Actually train and generate!

We learned with a batch size of 2,1000 epochs. Below is a gif that summarizes the learning results for each 100 epochs. how is it? Doesn't it look like meat? ??

At first, it looks like noise, so at 300-500 epochs, I think there is meat on a white plate on a white background. However, after 500 epochs, it has returned to just having meat on a black background ... (Does the 500 epoch look the most like a real image?)

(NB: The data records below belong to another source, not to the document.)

(* Let $1\le m\le k\le 6$, let $\theta\in(\pi/2,\pi)$ be sufficiently close to $\pi/2$ and $\kappa>0$. For each integer $l\in\{0,1,\dots,k+m\}$ there is a constant $c>0$ independent of $\tau$ and $z$ such that for all $\tau>0$ and $z\in\Gamma^\tau_{\theta,\kappa}$: $$\left|\delta_{\tau,k}^m(e^{-z\tau})\frac{\gamma_l(e^{-z\tau})}{l!}\tau^{l+1}-\frac{z^m}{z^{l+1}}\right|\le\begin{cases} c\,\tau^{l+1}|z|^m+c\,\tau^k|z|^{k+m-l-1}, & l=0\text{ or } l \text{ odd},\\ c\,\tau^{l+2}|z|^{m+1}+c\,\tau^k|z|^{k+m-l-1}, & l\ge 2 \text{ even}.\end{cases}$$
   Context: For $1\le k\le 6$ and $\tau>0$, $\delta_{\tau,k}(\xi)=\frac1\tau\sum_{j=1}^k\frac1j(1-\xi)^j$ (the BDF$k$ generating function). For real $p\ge0$, $\gamma_p(\xi)=\sum_{n=1}^\infty n^p\xi^n$ (analytically continued; for integer $p$ it is rational with only pole at $\xi=1$). For $\theta\in(\pi/2,\pi)$ and $\kappa>0$, $\Gamma_{\theta,\kappa}=\{z\in\mathbb C:|z|=\kappa,|\arg z|\le\theta\}\cup\{z=re^{\pm i\theta}:r\ge\kappa\}$, and $\Gamma^\tau_{\theta,\kappa}=\{z\in\Gamma_{\theta,\kappa}:|\operatorname{Im}z|\le\pi/\tau\}$. *)

theory Defs
  imports "HOL-Analysis.Analysis"
begin

definition bdf_delta :: "real \<Rightarrow> nat \<Rightarrow> complex \<Rightarrow> complex" where
  "bdf_delta \<tau> k \<xi> = (1 / complex_of_real \<tau>) * (\<Sum>j=1..k. (1 / of_nat j) * (1 - \<xi>) ^ j)"

text \<open>gamma_p(xi) = sum_{n>=1} n^p xi^n for integer p, analytically continued to C - {1}:
  gamma_0(xi) = xi/(1-xi) (the sum of the geometric series), and
  gamma_{p+1}(xi) = xi * gamma_p'(xi) (termwise differentiation of the series).\<close>
fun gamma_int :: "nat \<Rightarrow> complex \<Rightarrow> complex" where
  "gamma_int 0 = (\<lambda>\<xi>. \<xi> / (1 - \<xi>))"
| "gamma_int (Suc p) = (\<lambda>\<xi>. \<xi> * deriv (gamma_int p) \<xi>)"

definition Gamma_contour :: "real \<Rightarrow> real \<Rightarrow> complex set" where
  "Gamma_contour \<theta> \<kappa> =
     {z. cmod z = \<kappa> \<and> \<bar>Arg z\<bar> \<le> \<theta>} \<union>
     {z. \<exists>r\<ge>\<kappa>. z = complex_of_real r * cis \<theta> \<or> z = complex_of_real r * cis (- \<theta>)}"

definition Gamma_contour_tau :: "real \<Rightarrow> real \<Rightarrow> real \<Rightarrow> complex set" where
  "Gamma_contour_tau \<tau> \<theta> \<kappa> = {z \<in> Gamma_contour \<theta> \<kappa>. \<bar>Im z\<bar> \<le> pi / \<tau>}"

end

theory Submission
  imports Defs "HOL-Complex_Analysis.Complex_Analysis"
begin
(* The Minimmit protocol (described in the context) satisfies Consistency: in every execution, if $p_i$ and $p_j$ are correct, then for any timeslots $t$ and $t'$, $\text{log}_i(t)$ and $\text{log}_j(t')$ are compatible, i.e. one is a prefix of the other.
   Context: Setting. There are $n$ processors $\Pi=\{p_0,\dots,p_{n-1}\}$ and an integer $f$ with $5f+1\le n$. At most $f$ processors may be corrupted by an adversary during the execution and then behave arbitrarily (Byzantine); processors never corrupted are called correct. Processors communicate over point-to-point authenticated channels; every message is signed by its sender; a PKI validates signatures and $H$ is a collision-resistant hash function; attention is restricted to executions in which the adversary cannot forge signatures or find hash collisions. Time is divided into timeslots $t\in\mathbb{N}_{\ge 0}$ (partial synchrony): a message sent at time $t$ arrives at some time $t'>t$ with $t'\le \max\{\text{GST},t\}+\Delta$, where $\Delta$ is known to the protocol and GST is unknown and chosen by the adversary (who also chooses delivery times subject to this constraint). Clocks of correct processors advance in real time. When a correct processor sends a message to all processors, it regards that message as immediately received by itself. Transactions are unique messages signed by the environment; each timeslot each processor may receive a finite set of transactions. Each processor $p_i$ maintains an append-only log $\text{log}_i$ of distinct transactions, $\text{log}_i(t)$ denoting its value at the end of timeslot $t$. Blocks. $\text{lead}(v):=p_j$ with $j=v \bmod n$. The genesis block is $b_{\text{gen}}=(0,\lambda,\lambda)$ ($\lambda$ the empty sequence), considered finalised at the start. Any other block is a tuple $b=(v,\text{Tr},h)$ signed by $\text{lead}(v)$, with $v\in\mathbb{N}_{\ge1}$ ($b.\text{view}=v$, "a view $v$ block"), $\text{Tr}=b.\text{Tr}$ a sequence of distinct transactions, and $h=b.h$ a hash value; its parent is the block $b'$ with $H(b')=h$. The ancestors of $b$ are $b$ and the ancestors of its parent ($b_{\text{gen}}$ has only itself). Two blocks are inconsistent if neither is an ancestor of the other. To finalise $b$ means: upon obtaining all ancestors of $b$, the processor sets its log to extend the concatenation of $b'.\text{Tr}$ over ancestors $b'$ of $b$ (with duplicates removed). Messages. A vote for $b$ is $(\text{vote},b)$. An M-notarization for $b$ is a set of $2f+1$ votes for $b$ signed by distinct processors; an L-notarization for $b$ is a set of $n-f$ votes for $b$ signed by distinct processors. A nullify$(v)$ message is $(\text{nullify},v)$; a nullification for view $v$ is a set of $2f+1$ nullify$(v)$ messages signed by distinct processors. Local state of each processor: $\mathtt{S}$, the set of all received messages (automatically updated; it contains a block $b$ if it contains any message having $b$ as an entry; initially it contains only $b_{\text{gen}}$ and an M- and L-notarization for $b_{\text{gen}}$); the current view $\mathtt{v}$ (initially 1; a processor enters view $v$ when $\mathtt{v}$ becomes $v$); a timer $\mathtt{T}$ (initially 0, increasing in real time, reset to 0 upon entering a new view); $\mathtt{nullified}$ (initially false) and $\mathtt{notarized}$ (initially $\bot$, a value different from every block). SelectParent$(\mathtt{S},\mathtt{v})$: let $v'<\mathtt{v}$ be greatest such that $\mathtt{S}$ contains an M-notarization for some block of view $v'$; output the lexicographically least such block. ProposeChild$(b,v)$: form a sequence Tr of distinct transactions containing all transactions received and not in $b'.\text{Tr}$ for any ancestor $b'\in\mathtt{S}$ of $b$, and send the block $(v,\text{Tr},H(b))$ to all processors. $\mathtt{S}$ contains a valid proposal $b$ for view $v$ if $\mathtt{S}$ contains (i) precisely one block of the form $b=(v,\text{Tr},h)$ signed by $\text{lead}(v)$, (ii) an M-notarization for some $b'$ with $H(b')=h$, say $b'.\text{view}=v'$, and (iii) a nullification for each view in the open interval $(v',v)$. At timeslot $t$ a nullification $N\subseteq\mathtt{S}$ for a view $v$ is new if $\mathtt{S}$ contained no nullification for $v$ at any earlier timeslot and $N$ is lexicographically least among nullifications for $v$ in $\mathtt{S}$; new M-notarizations and new L-notarizations for a block $b$ are defined analogously. Protocol (Minimmit): at every timeslot, correct $p_i$ does, in order: (1) send new nullifications in $\mathtt{S}$ to all processors; (2) send new M- and L-notarizations in $\mathtt{S}$ to all; (3) if $p_i=\text{lead}(\mathtt{v})$, execute ProposeChild(SelectParent$(\mathtt{S},\mathtt{v}),\mathtt{v})$; (4) if $\mathtt{S}$ contains a valid proposal $b$ for view $\mathtt{v}$ and $\mathtt{notarized}=\bot$ and $\mathtt{nullified}=$ false, set $\mathtt{notarized}:=b$ and send $(\text{vote},b)$ to all; (5) if $\mathtt{T}=2\Delta$, $\mathtt{nullified}=$ false and $\mathtt{notarized}=\bot$, set $\mathtt{nullified}:=$ true and send $(\text{nullify},\mathtt{v})$ to all; (6) if $\mathtt{S}$ contains a nullification for $\mathtt{v}$, set $\mathtt{v}:=\mathtt{v}+1$, $\mathtt{nullified}:=$ false, $\mathtt{notarized}:=\bot$; (7) if $\mathtt{S}$ contains an M-notarization for some $b$ with $b.\text{view}=\mathtt{v}$: if $\mathtt{notarized}=\bot$ and $\mathtt{nullified}=$ false send $(\text{vote},b)$ to all; then set $\mathtt{v}:=\mathtt{v}+1$, $\mathtt{nullified}:=$ false, $\mathtt{notarized}:=\bot$; (8) if $\mathtt{nullified}=$ false, $\mathtt{notarized}\neq\bot$, and $\mathtt{S}$ contains at least $2f+1$ messages signed by distinct processors, each either $(\text{nullify},\mathtt{v})$ or $(\text{vote},b)$ for some $b$ with $b.\text{view}=\mathtt{v}$ and $b\ne\mathtt{notarized}$, then set $\mathtt{nullified}:=$ true and send $(\text{nullify},\mathtt{v})$ to all; (9) if $\mathtt{S}$ contains a new L-notarization for a block $b$, finalise $b$. The logs of correct processors change only through finalisation. *)

theory Defs
  imports Main "HOL-Library.Product_Lexorder" "HOL-Library.List_Lexorder"
          "HOL-Library.Option_ord" "HOL-Library.Sublist"
begin
(* Let $\mathcal{X}\subset\mathbb{R}^D$ be compact, let $\mathcal{Y}$ be a mark space and $\Theta$ a parameter space. Consider a Neyman-Scott process with gamma weights: latent events $\{(m_l,w_l,\theta_l)\}_{l=1}^L$ are drawn from a Poisson process on $\mathcal{X}\times\mathbb{R}_+\times\Theta$ with intensity $\nu(m,w,\theta)=\overline{L}(\mathcal{X})\,\mathrm{Ga}(w\mid\alpha,\beta)\,p(m,\theta)$, where $\overline{L}(\mathcal{X})>0$, $\alpha,\beta>0$ and $p(m,\theta)$ is a probability density (so $L\sim\mathrm{Po}(\overline{L}(\mathcal{X}))$); given the latent events, observed points $\{(x_n,y_n)\}_{n=1}^N$ are drawn from a Poisson process on $\mathcal{X}\times\mathcal{Y}$ with intensity $\sum_{l=1}^L w_l\,p(x,y\mid m_l,\theta_l)$, each $p(\cdot,\cdot\mid m,\theta)$ being a probability density. Label the observed points $1,\dots,N$ in uniformly random order and let $\mathcal{C}$ be the partition of $[N]=\{1,\dots,N\}$ into nonempty blocks grouping points with the same parent latent event. Then, integrating over the latent event locations, weights and parameters, the joint probability of the (random) number of points $N$ and the partition $\mathcal{C}$ is $$p(N,\mathcal{C})=V_{N,|\mathcal{C}|}\prod_{\mathcal{C}_k\in\mathcal{C}}\frac{\Gamma(|\mathcal{C}_k|+\alpha)}{\Gamma(\alpha)},$$ where $|\mathcal{C}|$ is the number of blocks, $|\mathcal{C}_k|$ the size of block $\mathcal{C}_k$, $N=\sum_k|\mathcal{C}_k|$, and $$V_{N,|\mathcal{C}|}=\frac{1}{N!}\left(\frac{1}{1+\beta}\right)^N\sum_{L=|\mathcal{C}|}^\infty \mathrm{Po}(L\mid\overline{L}(\mathcal{X}))\,\frac{L!}{(L-|\mathcal{C}|)!}\left(\frac{\beta}{1+\beta}\right)^{L\alpha}.$$
   Context: $\mathrm{Ga}(w\mid\alpha,\beta)$ is the gamma density with shape $\alpha$ and rate $\beta$; $\mathrm{Po}(L\mid\mu)$ is the Poisson pmf with mean $\mu$. The parent of an observed point is the latent event whose impulse response generated it (by Poisson superposition, the observed process is the union of independent Poisson processes with intensities $w_l\,p(x,y\mid m_l,\theta_l)$). *)

theory Defs
  imports "HOL-Analysis.Analysis" "HOL-Probability.Probability" "HOL-Library.Disjoint_Sets"
begin

definition gamma_dens :: "real \<Rightarrow> real \<Rightarrow> real \<Rightarrow> real" where
  "gamma_dens a b w = (if 0 < w then b powr a * w powr (a - 1) * exp (- b * w) / Gamma a else 0)"

definition Po :: "nat \<Rightarrow> real \<Rightarrow> real" where
  "Po k mu = exp (- mu) * mu ^ k / fact k"

definition po_pmf :: "real \<Rightarrow> nat pmf" where
  "po_pmf mu = (if 0 < mu then poisson_pmf mu else return_pmf 0)"

definition parent_list :: "nat \<Rightarrow> (nat \<Rightarrow> nat) \<Rightarrow> nat list" where
  "parent_list L n = concat (map (\<lambda>l. replicate (n l) l) [0..<L])"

Postscript (2021/1/1) We learned with a batch size of 8,5000 epochs. It looks like the meat is more meaty than last time. However, only similar images are generated and mode collapse occurs. The cause is that the vector of latent features is weak in 100 dimensions? As a result, I can't make meat without diversity, but I feel that it is closer to real meat.

Reflections and impressions

The quality of the image and the number of images are considered to be the reasons why it was not generated cleanly. Even though I collected ** delicious ** images, I thought it was a waste to reduce the resolution because of learning. Also, the number of sheets was collected from one site, so I think that it is overwhelmingly insufficient.

It was great to be able to produce meat by the end of 2020, starting from the idea. DCGAN is amazing because it can generate meaty things from only 60 images! !!

If I have time, I would like to produce more quality ** delicious ** meat!